There are a number of bills that have been recently introduced into Congress that in one way or another are designed to overcome the restrictions on importation of prescription drugs from Canada and elsewhere. Few of the bills address the patent issues in the importation process. One bill, however, The Pharmaceutical Market Access and Drug Safety Act of 2004 , S.2328, would amend the Patent Act of 1952 to eliminate patent infringement liability for the import of a drug first sold abroad by or under the authority of the owner or licensee of the patent.
This bill would in effect codify the so called "first sale" or "international exhaustion" doctrine into U.S. Patent law making it less risky for importers of cheaper, "grey market" drugs into the country. The basic principal of the exhaustion principle is that an unconditional sale of patent product exhausts the patentee's right to control the purchaser's use of the product thereafter under the theory that the patentee has bargained for, and received an amount equal to the full value of the goods.

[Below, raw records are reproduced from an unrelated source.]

(* Let $E$ be the $k$-algebra generated by $t,w$ with relations $t^2=-t$ and $w^2=1$. Then the $k$-algebra homomorphism $E\to M_2(k[X])$ given by $$w\mapsto\begin{pmatrix}X&X^2-1\\-1&-X\end{pmatrix},\qquad t\mapsto\begin{pmatrix}0&0\\0&-1\end{pmatrix}$$ is injective, and it maps the centre $Z(E)$ isomorphically onto the scalar matrices $k[X]\cdot\mathrm{Id}$; in particular $Z(E)\cong k[X]$.
   Context: $k=\overline{\mathbb F}_p$. For a non-regular character $\xi$ of the finite torus $T(\mathbb F_q)$ of $\mathrm{PGL}_2$ (i.e. $\xi(\mathrm{diag}(a,b))=\xi(\mathrm{diag}(b,a))$), the block $e_\xi\mathcal H_{\mathrm{PGL}_2}$ of the pro-$p$ Iwahori–Hecke algebra of $\mathrm{PGL}_2(\mathfrak F)$ is isomorphic to $E$ via $t=e_\xi T_{s_0}$, $w=e_\xi T_\omega$, where $\omega$ is the image of $\begin{psmallmatrix}0&\varpi\\1&0\end{psmallmatrix}$ and $s_0=\begin{psmallmatrix}0&1\\1&0\end{psmallmatrix}$; a $k$-basis of $E$ is $1$, $(wt)^n$, $(tw)^n$, $w(tw)^{n-1}$, $t(wt)^{n-1}$ ($n\ge1$). *)

theory Defs
  imports "HOL-Analysis.Analysis" "HOL-Library.Poly_Mapping"
    "HOL-Computational_Algebra.Polynomial"
begin

datatype gen = Gt | Gw

text \<open>Words in the generators, a monoid under concatenation (written additively
  so that the library's convolution ring structure on finitely supported
  functions applies).\<close>
datatype word = Word "gen list"

fun word_list :: "word \<Rightarrow> gen list" where "word_list (Word xs) = xs"

instantiation word :: monoid_add
begin
definition zero_word_def: "0 = Word []"
definition plus_word_def: "u + v = Word (word_list u @ word_list v)"
instance
proof
  fix a b c :: word
  show "a + b + c = a + (b + c)" by (cases a; cases b; cases c) (simp add: plus_word_def)
  show "0 + a = a" by (cases a) (simp add: plus_word_def zero_word_def)
  show "a + 0 = a" by (cases a) (simp add: plus_word_def zero_word_def)
qed
end

text \<open>The free associative k-algebra k<t,w>: finitely supported k-linear
  combinations of words, with the convolution (concatenation) product.\<close>
type_synonym 'k freealg = "word \<Rightarrow>\<^sub>0 'k"

definition gen_t :: "'k::ring_1 freealg" where "gen_t = Poly_Mapping.single (Word [Gt]) 1"
definition gen_w :: "'k::ring_1 freealg" where "gen_w = Poly_Mapping.single (Word [Gw]) 1"

inductive_set rel_ideal :: "'k::ring_1 freealg set" where
  rel_t: "gen_t * gen_t + gen_t \<in> rel_ideal"
| rel_w: "gen_w * gen_w - 1 \<in> rel_ideal"
| zero: "0 \<in> rel_ideal"
| add: "x \<in> rel_ideal \<Longrightarrow> y \<in> rel_ideal \<Longrightarrow> x + y \<in> rel_ideal"
| mult: "x \<in> rel_ideal \<Longrightarrow> a * x * b \<in> rel_ideal"

text \<open>Equality in E = k<t,w>/(t^2+t, w^2-1).\<close>
definition E_eq :: "'k::ring_1 freealg \<Rightarrow> 'k freealg \<Rightarrow> bool" where
  "E_eq f g \<longleftrightarrow> f - g \<in> rel_ideal"

definition E_centre :: "'k::ring_1 freealg set" where
  "E_centre = {f. \<forall>g. E_eq (f * g) (g * f)}"

definition matW :: "'k::comm_ring_1 poly ^ 2 ^ 2" where
  "matW = vector [vector [[:0, 1:], [:0, 1:]^2 - 1], vector [-1, -[:0, 1:]]]"

definition matT :: "'k::comm_ring_1 poly ^ 2 ^ 2" where
  "matT = vector [vector [0, 0], vector [0, -1]]"

fun gen_mat :: "gen \<Rightarrow> 'k::comm_ring_1 poly ^ 2 ^ 2" where
  "gen_mat Gt = matT"
| "gen_mat Gw = matW"

definition word_mat :: "word \<Rightarrow> 'k::comm_ring_1 poly ^ 2 ^ 2" where
  "word_mat u = foldr (\<lambda>g M. gen_mat g ** M) (word_list u) (mat 1)"

definition phi :: "'k::comm_ring_1 freealg \<Rightarrow> 'k poly ^ 2 ^ 2" where
  "phi f = (\<Sum>u\<in>Poly_Mapping.keys f. mat [:Poly_Mapping.lookup f u:] ** word_mat u)"

end

theory Submission
  imports Defs
begin

text \<open>The element \<open>\<zeta> = w + wt + tw\<close> commutes with \<open>t\<close> and \<open>w\<close> modulo the relations,
  and it is mapped to \<open>X \<cdot> Id\<close>. Using \<open>t\<^sup>2 = -t\<close>, \<open>w\<^sup>2 = 1\<close> and \<open>tw = \<zeta> - w - wt\<close>, every
  element of \<open>E\<close> can be written as \<open>a + bt + cw + dwt\<close> with \<open>a, b, c, d \<in> k[\<zeta>]\<close>. Its image is
  \<open>[[a + cX, (c - d)(X\<^sup>2 - 1)], [-c, a - b + (d - c)X]]\<close>, which vanishes only if
  \<open>a = b = c = d = 0\<close>; this gives injectivity. A matrix commuting with the images of \<open>t\<close> and
  \<open>w\<close> is scalar, and conversely \<open>q(\<zeta>)\<close> is central with image \<open>q \<cdot> Id\<close>.\<close>

definition mat2 :: "'a::zero \<Rightarrow> 'a \<Rightarrow> 'a \<Rightarrow> 'a \<Rightarrow> 'a^2^2" where
  "mat2 a b c d = vector [vector [a, b], vector [c, d]]"

lemma mat2_nth [simp]:
  "mat2 a b c d $ 1 $ 1 = a" "mat2 a b c d $ 1 $ 2 = b"
  "mat2 a b c d $ 2 $ 1 = c" "mat2 a b c d $ 2 $ 2 = d"
  by (simp_all add: mat2_def)

lemma mat2_eta: "M = mat2 (M $ 1 $ 1) (M $ 1 $ 2) (M $ 2 $ 1) (M $ 2 $ 2)"
  by (simp add: vec_eq_iff forall_2)

lemma mat2_eq_iff: "mat2 a b c d = mat2 a' b' c' d' \<longleftrightarrow> a = a' \<and> b = b' \<and> c = c' \<and> d = d'"
  by (simp add: vec_eq_iff forall_2)

lemma mat2_mult:
  "mat2 a b c d ** mat2 a' b' c' d' =
    mat2 (a * a' + b * c') (a * b' + b * d') (c * a' + d * c') (c * b' + d * d' :: 'a::semiring_1)"
  by (simp add: vec_eq_iff forall_2 matrix_matrix_mult_def sum_2)

lemma mat2_add:
  "mat2 a b c d + mat2 a' b' c' d' = mat2 (a + a') (b + b') (c + c') (d + d' :: 'a::monoid_add)"
  by (simp add: vec_eq_iff forall_2)

lemma mat2_diff:
  "mat2 a b c d - mat2 a' b' c' d' = mat2 (a - a') (b - b') (c - c') (d - d' :: 'a::group_add)"
  by (simp add: vec_eq_iff forall_2)

lemma zero_eq_mat2: "0 = (mat2 0 0 0 0 :: 'a::zero^2^2)"
  by (simp add: vec_eq_iff forall_2)

lemma mat_eq_mat2: "mat x = (mat2 x 0 0 x :: 'a::zero^2^2)"
  by (simp add: vec_eq_iff forall_2 mat_def)

lemma matW_eq_mat2: "matW = mat2 [:0, 1:] ([:0, 1:]^2 - 1) (-1) (-[:0, 1:])"
  by (simp add: matW_def mat2_def)

lemma matT_eq_mat2: "matT = mat2 0 0 0 (-1)"
  by (simp add: matT_def mat2_def)

lemma matrix_add_rdistrib: "((A :: 'a::semiring_1^'n^'m) + B) ** C = A ** C + B ** C"
  by (simp add: matrix_matrix_mult_def vec_eq_iff sum.distrib distrib_right)

lemma mat_add: "mat (a + b) = (mat a + mat b :: 'a::monoid_add^'n^'n)"
  by (simp add: mat_def vec_eq_iff)

lemma mat_mult_nth: "(mat c ** A) $ i $ j = c * (A $ i $ j :: 'a::semiring_1)"
proof -
  have "(mat c ** A) $ i $ j = (\<Sum>k\<in>UNIV. (if i = k then c else 0) * A $ k $ j)"
    by (simp add: matrix_matrix_mult_def mat_def)
  also have "\<dots> = (\<Sum>k\<in>UNIV. if k = i then c * A $ k $ j else 0)"
    by (rule sum.cong) auto
  finally show ?thesis
    by simp
qed

lemma mult_mat_nth: "(A ** mat c) $ i $ j = (A $ i $ j :: 'a::semiring_1) * c"
  by (simp add: matrix_matrix_mult_def mat_def if_distrib cong: if_cong)

lemma mat_mult: "mat (a * b) = (mat a ** mat b :: 'a::semiring_1^'n^'n)"
  by (simp add: vec_eq_iff mat_mult_nth) (simp add: mat_def)

lemma mat_commute: "mat c ** A = A ** (mat c :: 'a::comm_semiring_1^'n^'n)"
  by (simp add: vec_eq_iff mat_mult_nth mult_mat_nth mult.commute)

lemma poly_mapping_sum_single:
  "(f :: 'a \<Rightarrow>\<^sub>0 'b::comm_monoid_add) =
    (\<Sum>u\<in>Poly_Mapping.keys f. Poly_Mapping.single u (Poly_Mapping.lookup f u))"
  by (rule poly_mapping_eqI) (simp add: lookup_sum lookup_single when_def in_keys_iff)

lemma poly_mapping_induct_single [case_names zero single add]:
  fixes P :: "('a \<Rightarrow>\<^sub>0 'b::comm_monoid_add) \<Rightarrow> bool"
  assumes "P 0" and "\<And>u c. P (Poly_Mapping.single u c)" and "\<And>f g. P f \<Longrightarrow> P g \<Longrightarrow> P (f + g)"
  shows "P f"
proof -
  have "P (\<Sum>u\<in>A. Poly_Mapping.single u (Poly_Mapping.lookup f u))" for A
    by (induction A rule: infinite_finite_induct) (simp_all add: assms)
  then show ?thesis
    by (subst poly_mapping_sum_single)
qed

definition scalar :: "'k::comm_ring_1 \<Rightarrow> 'k freealg" where
  "scalar c = Poly_Mapping.single 0 c"

lemma scalar_commute: "scalar c * f = f * scalar c"
  by (induction f rule: poly_mapping_induct_single)
    (simp_all add: scalar_def mult_single mult.commute distrib_left distrib_right)

lemma freealg_induct [case_names scalar gen_t gen_w add]:
  fixes P :: "'k::comm_ring_1 freealg \<Rightarrow> bool"
  assumes scalar: "\<And>c. P (scalar c)"
    and gen_t: "\<And>f. P f \<Longrightarrow> P (gen_t * f)"
    and gen_w: "\<And>f. P f \<Longrightarrow> P (gen_w * f)"
    and add: "\<And>f g. P f \<Longrightarrow> P g \<Longrightarrow> P (f + g)"
  shows "P f"
proof (induction f rule: poly_mapping_induct_single)
  case zero
  then show ?case
    using scalar[of 0] by (simp add: scalar_def)
next
  case (single u c)
  obtain xs where "u = Word xs"
    by (cases u)
  then show ?case
  proof (induction xs arbitrary: u)
    case Nil
    then show ?case
      using scalar[of c] by (simp add: scalar_def zero_word_def)
  next
    case (Cons x xs)
    have "Poly_Mapping.single u c = Poly_Mapping.single (Word [x]) 1 * Poly_Mapping.single (Word xs) c"
      by (simp add: Cons.prems mult_single plus_word_def)
    with Cons.IH gen_t gen_w show ?case
      by (cases x) (simp_all add: gen_t_def gen_w_def)
  qed
qed (rule add)

lemma phi_eq_sum_superset:
  fixes f :: "'k::comm_ring_1 freealg"
  assumes "finite S" and "Poly_Mapping.keys f \<subseteq> S"
  shows "phi f = (\<Sum>u\<in>S. mat [:Poly_Mapping.lookup f u:] ** word_mat u)"
  unfolding phi_def
  by (rule sum.mono_neutral_left) (use assms in \<open>auto simp: in_keys_iff\<close>)

lemma phi_single: "phi (Poly_Mapping.single u c) = mat [:c:] ** (word_mat u :: 'k::comm_ring_1 poly^2^2)"
  by (simp add: phi_def)

lemma phi_scalar: "phi (scalar c) = mat [:c:]"
  by (simp add: scalar_def phi_single word_mat_def zero_word_def)

lemma phi_one: "phi (1 :: 'k::comm_ring_1 freealg) = mat 1"
  using phi_scalar[of 1] by (simp add: scalar_def pCons_one)

lemma phi_zero: "phi (0 :: 'k::comm_ring_1 freealg) = 0"
  by (simp add: phi_def)

lemma phi_add: "phi (f + g) = phi f + phi (g :: 'k::comm_ring_1 freealg)"
proof -
  let ?S = "Poly_Mapping.keys f \<union> Poly_Mapping.keys g"
  have const_poly_add: "[:x + y:] = [:x:] + [:y:]" for x y :: 'k
    by simp
  have "phi (f + g) = (\<Sum>u\<in>?S. mat [:Poly_Mapping.lookup (f + g) u:] ** word_mat u)"
    by (rule phi_eq_sum_superset) (auto dest: keys_add[THEN subsetD])
  also have "\<dots> = (\<Sum>u\<in>?S. mat [:Poly_Mapping.lookup f u:] ** word_mat u)
      + (\<Sum>u\<in>?S. mat [:Poly_Mapping.lookup g u:] ** word_mat u)"
    using const_poly_add
    by (simp add: lookup_add mat_add matrix_add_rdistrib sum.distrib del: add_pCons)
  also have "\<dots> = phi f + phi g"
    by (simp add: phi_eq_sum_superset[of ?S])
  finally show ?thesis .
qed

lemma phi_diff: "phi (f - g) = phi f - phi (g :: 'k::comm_ring_1 freealg)"
  using phi_add[of "f - g" g] by (simp add: eq_diff_eq)

lemma foldr_gen_mat:
  "foldr (\<lambda>g M. gen_mat g ** M) xs N =
    foldr (\<lambda>g M. gen_mat g ** M) xs (mat 1) ** (N :: 'k::comm_ring_1 poly^2^2)"
  by (induction xs) (simp_all add: matrix_mul_assoc)

lemma word_mat_add: "word_mat (u + v) = word_mat u ** (word_mat v :: 'k::comm_ring_1 poly^2^2)"
  by (cases u; cases v) (simp add: word_mat_def plus_word_def foldr_gen_mat[of _ "foldr _ _ _"])

lemma phi_mult_single:
  "phi (Poly_Mapping.single u a * Poly_Mapping.single v b) =
    phi (Poly_Mapping.single u a) ** phi (Poly_Mapping.single v (b :: 'k::comm_ring_1))"
proof -
  have "phi (Poly_Mapping.single u a * Poly_Mapping.single v b) =
      mat [:a:] ** mat [:b:] ** (word_mat u ** word_mat v)"
    by (simp add: mult_single phi_single word_mat_add mat_mult[symmetric] mult.commute)
  also have "\<dots> = mat [:a:] ** (mat [:b:] ** word_mat u) ** word_mat v"
    by (simp add: matrix_mul_assoc)
  also have "\<dots> = mat [:a:] ** (word_mat u ** mat [:b:]) ** word_mat v"
    by (simp only: mat_commute[of "[:b:]"])
  finally show ?thesis
    by (simp add: phi_single matrix_mul_assoc)
qed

In Jazz Photo Corp. v. United States International Trade Commission, 264 F. 3d 1094 (Fed.Cir. 2001), the Court of Appeals for the Federal Circuit rejected the "international exhaustion" doctrine and limited exhaustion to sales occurring within the United States. The opinion has been much criticized and may well be limited in future cases because of its reliance upon very narrow precedent and overbroad application, but it does raise the specter of patent infringement lawsuits against importers of U.S. patented drugs from abroad. While importing states have some levels of immunity protection from patent infringement claims, private importers do not. The PMADSA approach, if passed, could make it substantially easier to parallel import cheaper drugs into the United States. This is probably not likely to happen if the pharmaceutical lobby in Washington is awake at the switch.